买来的夫郎哭唧唧(81)
整个麦田都是平铺的麦秆,金灿灿的,反射着刺眼的太阳光,本应该刺得人眼睛疼,却没人嫌弃,人人脸上洋溢着丰收的喜悦。
就连心事重重的白竹,看见这丰收的景象,也不由得露出淡淡的浅笑。
李大贵虽然是猎户,但以前是种地的,地里的活计都会做。
他见天色不早了,担心收不完,对白竹说:“今天是割不完了,先把割好的收回去,剩下的我们明早来割。”
白竹摇头道:“剩下的不多了,明天我自己割就行,先收麦子吧。”
李立维闻言笑道:“小哥,别客气啊,你们不能干这样的重活。放心吧,交给我们了。”
他望了宴宴一眼,目光扫过他脸上的红痕,抿抿唇,眼中闪过一丝心疼,很快又别开了头。
白竹不喜和年轻汉子多话,只抿唇微笑,不再说话。
宴宴本来喜欢和李立维抬杠,这时见李大贵在边上,不好太过分,也不说话,只笑眯眯的帮忙收麦。
李大贵把草绳铺在地上,接过三小只抱来的麦秆堆在草绳上,堆得有膝盖高了就捆紧草绳,扎成一个麦个子。
他们两家都没有板车,只能用笨方法,靠人肩挑。
眼看着田里的麦子捆好一半了,李大贵怕天黑了挑不完,让李立维继续捆麦子,自己把捆好的麦个子往家里挑。

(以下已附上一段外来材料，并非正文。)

lemma subcubic_utree_with_many_leaves:
  "\<exists>N F. utree N F \<and> (\<forall>x\<in>N. tdegree F x \<le> 3) \<and> n < card (tleaves N F)"
proof (induction n)
  case 0
  have "utree {0} {}" unfolding utree_def tree_adj_def by auto
  moreover have "tleaves {0} {} = {0}" unfolding tleaves_def tdegree_def by auto
  ultimately show ?case
    by (intro exI[of _ "{0}"] exI[of _ "{}"]) (simp add: tdegree_def)
next
  case (Suc n)
  then obtain N F where u: "utree N F" and d: "\<forall>x\<in>N. tdegree F x \<le> 3"
    and c: "n < card (tleaves N F)" by blast
  have finL: "finite (tleaves N F)" using utreeD(1)[OF u] unfolding tleaves_def by auto
  obtain v where v: "v \<in> tleaves N F" using c by fastforce
  then have vN: "v \<in> N" and dv: "tdegree F v \<le> 1" unfolding tleaves_def by auto
  obtain w1 where w1: "w1 \<notin> N" using ex_new_if_finite[OF infinite_UNIV_nat utreeD(1)[OF u]] by blast
  obtain w2 where w2: "w2 \<notin> insert w1 N"
    using ex_new_if_finite[OF infinite_UNIV_nat finite.insertI[OF utreeD(1)[OF u]]] by blast
  define N2 F1 F2 where "N2 = insert w2 (insert w1 N)" and "F1 = insert {v, w1} F"
    and "F2 = insert {v, w2} F1"
  have u2: "utree N2 F2"
    using utree_add_pendant[OF utree_add_pendant[OF u vN w1] _ w2] vN unfolding N2_def F1_def F2_def
    by blast
  have wF: "\<forall>e\<in>F. w1 \<notin> e \<and> w2 \<notin> e" using utreeD(3)[OF u] w1 w2 by auto
  have vw: "v \<noteq> w1" "v \<noteq> w2" "w1 \<noteq> w2" using vN w1 w2 by auto
  have "\<forall>e\<in>F1. w2 \<notin> e" using wF vw unfolding F1_def by auto
  then have deg: "tdegree F2 x = tdegree F x + (if x = v then 2 else if x = w1 \<or> x = w2 then 1 else 0)"
    for x
    using tdegree_add_pendant[of F1 w2 v x] tdegree_add_pendant[of F w1 v x] wF vw
      utree_finite_edges[OF u] unfolding F1_def F2_def by auto
  have "{e \<in> F. w1 \<in> e} = {}" "{e \<in> F. w2 \<in> e} = {}" using wF by auto
  then have deg0: "tdegree F w1 = 0" "tdegree F w2 = 0" unfolding tdegree_def by (simp_all only: card.empty)
  have d2: "\<forall>x\<in>N2. tdegree F2 x \<le> 3" using d deg dv deg0 unfolding N2_def by auto
  have "card (tleaves N F - {v} \<union> {w1, w2}) = card (tleaves N F) + 1"
    using finL card_Suc_Diff1[OF finL v] vw w1 w2 unfolding tleaves_def
    by (subst card_Un_disjoint) auto
  then have "Suc n < card (tleaves N F - {v} \<union> {w1, w2})" using c by simp
  also have "\<dots> \<le> card (tleaves N2 F2)"
    using deg deg0 vw utreeD(1)[OF u2] unfolding tleaves_def N2_def by (intro card_mono) auto
  finally show ?case using u2 d2 by blast
qed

几个人动作快,天还没有大黑,麦子都挑回家了,院子里堆了高高的麦垛子。
胡秋月做好了饭菜,舀了热水给他们洗脸。
晚上吃的馒头,熬了米汤,中午的腊肉和红豆汤还有,胡秋月又炒了一大碗豇豆,几个人吃得饱饱的。
天快黑了,胡秋月家孤儿寡母的,李大贵父子两个汉子不好得多待,吃过饭就要走。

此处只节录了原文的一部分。